Some Wall Street pundits argue that a boom in SPACs is normally seen close to a market top. Indeed, they see it as the ultimate sign that investors have more money than they know what to do with. Market bubbles often burst not just because new buyers keep pushing up stock prices but because investment bankers dramatically boost supply of new paper through IPOs and secondary issuance to soak in anticipated demand, which drowns investors.

What’s next? A new exchange-traded fund (ETF) that will let investors participate in the current SPAC craze.
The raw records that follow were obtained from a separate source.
(* Let $q$ be a power of $2$. In $\mathrm{AG}(3,q^2)\subset\mathrm{PG}(3,q^2)$, with affine coordinates $x,y,z$, homogeneous coordinates $J,X,Y,Z$ and plane at infinity $\Sigma_\infty: J=0$, let $\mathcal H$ be the Hermitian surface with affine equation $z^q+z=x^{q+1}+y^{q+1}$ and let $\mathcal Q$ be an irreducible quadric with affine equation $z=ax^2+by^2+cxy+dx+ey+f$, where $a,b,c,d,e,f\in\mathrm{GF}(q^2)$. Let $N=|(\mathcal H\cap\mathcal Q)\setminus\Sigma_\infty|$. Then: \begin{itemize} \item if $\mathcal Q$ is elliptic, $N\in\{q^3-q^2,\ q^3-q^2+q,\ q^3-q,\ q^3,\ q^3+q,\ q^3+q^2-q,\ q^3+q^2\}$; \item if $\mathcal Q$ is a quadratic cone, $N\in\{q^3-q^2+q,\ q^3-q,\ q^3+q,\ q^3+q^2-q\}$; \item if $\mathcal Q$ is hyperbolic, $N\in\{q^2,\ q^3-q^2,\ q^3-q^2+q,\ q^3-q,\ q^3,\ q^3+q,\ q^3+q^2-q,\ q^3+q^2,\ 2q^3-q^2\}$. \end{itemize}
   Context: Here $P_\infty=(0,0,0,1)$ lies on both $\mathcal H$ and $\mathcal Q$, and $\Sigma_\infty$ is the common tangent plane of $\mathcal H$ and $\mathcal Q$ at $P_\infty$. A quadratic cone is the quadric projecting an irreducible conic in a plane from a vertex not on that plane. *)

theory Defs
  imports Main
begin

text \<open>Points of PG(3,K) are represented by nonzero vectors (J,X,Y,Z) in K^4;
  J = 0 is the plane at infinity.\<close>

type_synonym 'a vec4 = "'a \<times> 'a \<times> 'a \<times> 'a"

fun vadd :: "'a::field vec4 \<Rightarrow> 'a vec4 \<Rightarrow> 'a vec4" where
  "vadd (a1,b1,c1,d1) (a2,b2,c2,d2) = (a1+a2, b1+b2, c1+c2, d1+d2)"

fun smul :: "'a::field \<Rightarrow> 'a vec4 \<Rightarrow> 'a vec4" where
  "smul k (a1,b1,c1,d1) = (k*a1, k*b1, k*c1, k*d1)"

definition zero4 :: "'a::field vec4" where
  "zero4 = (0,0,0,0)"

fun linform :: "'a::field vec4 \<Rightarrow> 'a vec4 \<Rightarrow> 'a" where
  "linform (l1,l2,l3,l4) (J,X,Y,Z) = l1*J + l2*X + l3*Y + l4*Z"

text \<open>Homogenised equation of the quadric z = ax^2+by^2+cxy+dx+ey+f:
  JZ = aX^2+bY^2+cXY+dXJ+eYJ+fJ^2.\<close>
definition Qform :: "'a::field \<Rightarrow> 'a \<Rightarrow> 'a \<Rightarrow> 'a \<Rightarrow> 'a \<Rightarrow> 'a \<Rightarrow> 'a vec4 \<Rightarrow> 'a" where
  "Qform a b c d e f = (\<lambda>(J,X,Y,Z). a*X^2 + b*Y^2 + c*X*Y + d*X*J + e*Y*J + f*J^2 - J*Z)"

definition polar :: "('a::field vec4 \<Rightarrow> 'a) \<Rightarrow> 'a vec4 \<Rightarrow> 'a vec4 \<Rightarrow> 'a" where
  "polar F u v = F (vadd u v) - F u - F v"

definition singular_pt :: "('a::field vec4 \<Rightarrow> 'a) \<Rightarrow> 'a vec4 \<Rightarrow> bool" where
  "singular_pt F v \<longleftrightarrow> v \<noteq> zero4 \<and> F v = 0 \<and> (\<forall>w. polar F v w = 0)"

definition nonsingular_quadric :: "('a::field vec4 \<Rightarrow> 'a) \<Rightarrow> bool" where
  "nonsingular_quadric F \<longleftrightarrow> \<not> (\<exists>v. singular_pt F v)"

definition irreducible_quadric :: "('a::field vec4 \<Rightarrow> 'a) \<Rightarrow> bool" where
  "irreducible_quadric F \<longleftrightarrow> \<not> (\<exists>l m. \<forall>v. F v = linform l v * linform m v)"

definition contains_line :: "('a::field vec4 \<Rightarrow> 'a) \<Rightarrow> bool" where
  "contains_line F \<longleftrightarrow> (\<exists>u w. u \<noteq> zero4 \<and> (\<forall>k. w \<noteq> smul k u) \<and>
      (\<forall>s t. F (vadd (smul s u) (smul t w)) = 0))"

definition elliptic_quadric :: "('a::field vec4 \<Rightarrow> 'a) \<Rightarrow> bool" where
  "elliptic_quadric F \<longleftrightarrow> irreducible_quadric F \<and> nonsingular_quadric F \<and> \<not> contains_line F"

definition hyperbolic_quadric :: "('a::field vec4 \<Rightarrow> 'a) \<Rightarrow> bool" where
  "hyperbolic_quadric F \<longleftrightarrow> irreducible_quadric F \<and> nonsingular_quadric F \<and> contains_line F"

text \<open>Quadratic cone: irreducible quadric whose singular points form exactly one
  projective point (the vertex); such a quadric is the cone projecting an
  irreducible conic from that vertex.\<close>
definition quadratic_cone :: "('a::field vec4 \<Rightarrow> 'a) \<Rightarrow> bool" where
  "quadratic_cone F \<longleftrightarrow> irreducible_quadric F \<and>
     (\<exists>V. singular_pt F V \<and> (\<forall>W. singular_pt F W \<longrightarrow> (\<exists>k. W = smul k V)))"

end

theory Submission
  imports Defs "HOL-Computational_Algebra.Polynomial" "HOL-Computational_Algebra.Primes"
begin

text \<open>
  Write \<open>tr z = z^q + z\<close> and \<open>nm z = z^(q+1)\<close> for the trace and norm of GF(q^2) over
  its subfield \<open>Fq\<close> = GF(q). Eliminating \<open>z\<close>, the affine points of the intersection are the
  pairs \<open>(x, y)\<close> with \<open>tr (a x^2 + b y^2 + c x y + d x + e y + f) = nm x + nm y\<close>. For fixed \<open>y\<close>
  this is \<open>quad 1 a x + tr (m x) + \<nu> = 0\<close>, where \<open>quad k l x = k nm x + tr (l x^2)\<close> is, for
  \<open>0 \<noteq> k \<in> Fq\<close>, a nondegenerate \<open>Fq\<close>-valued quadratic form on the plane GF(q^2) over \<open>Fq\<close>.
  After completing the square, such an equation has \<open>1\<close> or \<open>2q - 1\<close> solutions (anisotropic
  or isotropic form) when a constant \<open>S y\<close> vanishes and \<open>q + 1\<close> or \<open>q - 1\<close> otherwise, so
  \<open>N = q^3 \<plusminus> q (q - M)\<close> where \<open>M\<close> counts the zeros of \<open>S\<close>. Now \<open>S\<close> has the same shape, with
  \<open>k = nm c + 1\<close> and \<open>l = a^q c^2 + b\<close>: for \<open>k \<noteq> 0\<close> it has \<open>1, q \<plusminus> 1\<close> or \<open>2q - 1\<close> zeros, and for
  \<open>k = 0\<close> it is a trace equation with \<open>0, q\<close> or \<open>2q\<close> solutions unless \<open>l = 0\<close>. A quadratic
  cone has \<open>c = 0\<close>, so \<open>k = 1\<close>; an elliptic quadric has \<open>l \<noteq> 0\<close>, as for \<open>l = 0\<close> the quadric
  contains a line.
\<close>

lemma card_fiber_additive:
  fixes f :: "'a::{ab_group_add,finite} \<Rightarrow> 'b::ab_group_add"
  assumes "additive f" and "t \<in> range f"
  shows "card {x. f x = t} = card {x. f x = 0}"
proof -
  interpret additive f by fact
  obtain z where z: "f z = t" using assms(2) by blast
  have "bij_betw (\<lambda>x. x - z) {x. f x = t} {x. f x = 0}"
    by (rule bij_betw_byWitness[where f' = "\<lambda>x. x + z"]) (auto simp: diff add z)
  then show ?thesis by (rule bij_betw_same_card)
qed

lemma card_UNIV_additive:
  fixes f :: "'a::{ab_group_add,finite} \<Rightarrow> 'b::ab_group_add"
  assumes "additive f"
  shows "card (UNIV :: 'a set) = card (range f) * card {x. f x = 0}"
proof -
  have "card (UNIV :: 'a set) = card (\<Union>t\<in>range f. {x. f x = t})"
    by (rule arg_cong[where f = card]) auto
  also have "\<dots> = (\<Sum>t\<in>range f. card {x. f x = t})"
    by (rule card_UN_disjoint) auto
  also have "\<dots> = (\<Sum>t\<in>range f. card {x. f x = 0})"
    using card_fiber_additive[OF assms] by (rule sum.cong[OF refl])
  finally show ?thesis by simp
qed

lemma bij_betw_if_inj_on_card_eq:
  assumes "inj_on f A" and "f ` A \<subseteq> B" and "finite B" and "card A = card B"
  shows "bij_betw f A B"
  using assms by (metis bij_betw_def card_image card_subset_eq)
The Defiance Next-Gen SPAC IPO ETF, which is expected to list soon, will be the first instrument tracking the popular blank-cheque offerings. The ETF will invest in SPACs when they are taking over a target company as well as actual blank SPACs looking for target firms. “Things will probably calm down a bit from where we are now, but I believe SPACs as an asset class will continue to grow,” says Marvin. SPACs, like direct listings, are unlikely to replace IPOs anytime soon. They will just be an alternative way for firms to list.

Assif Shameen is a technology and business writer based in North America.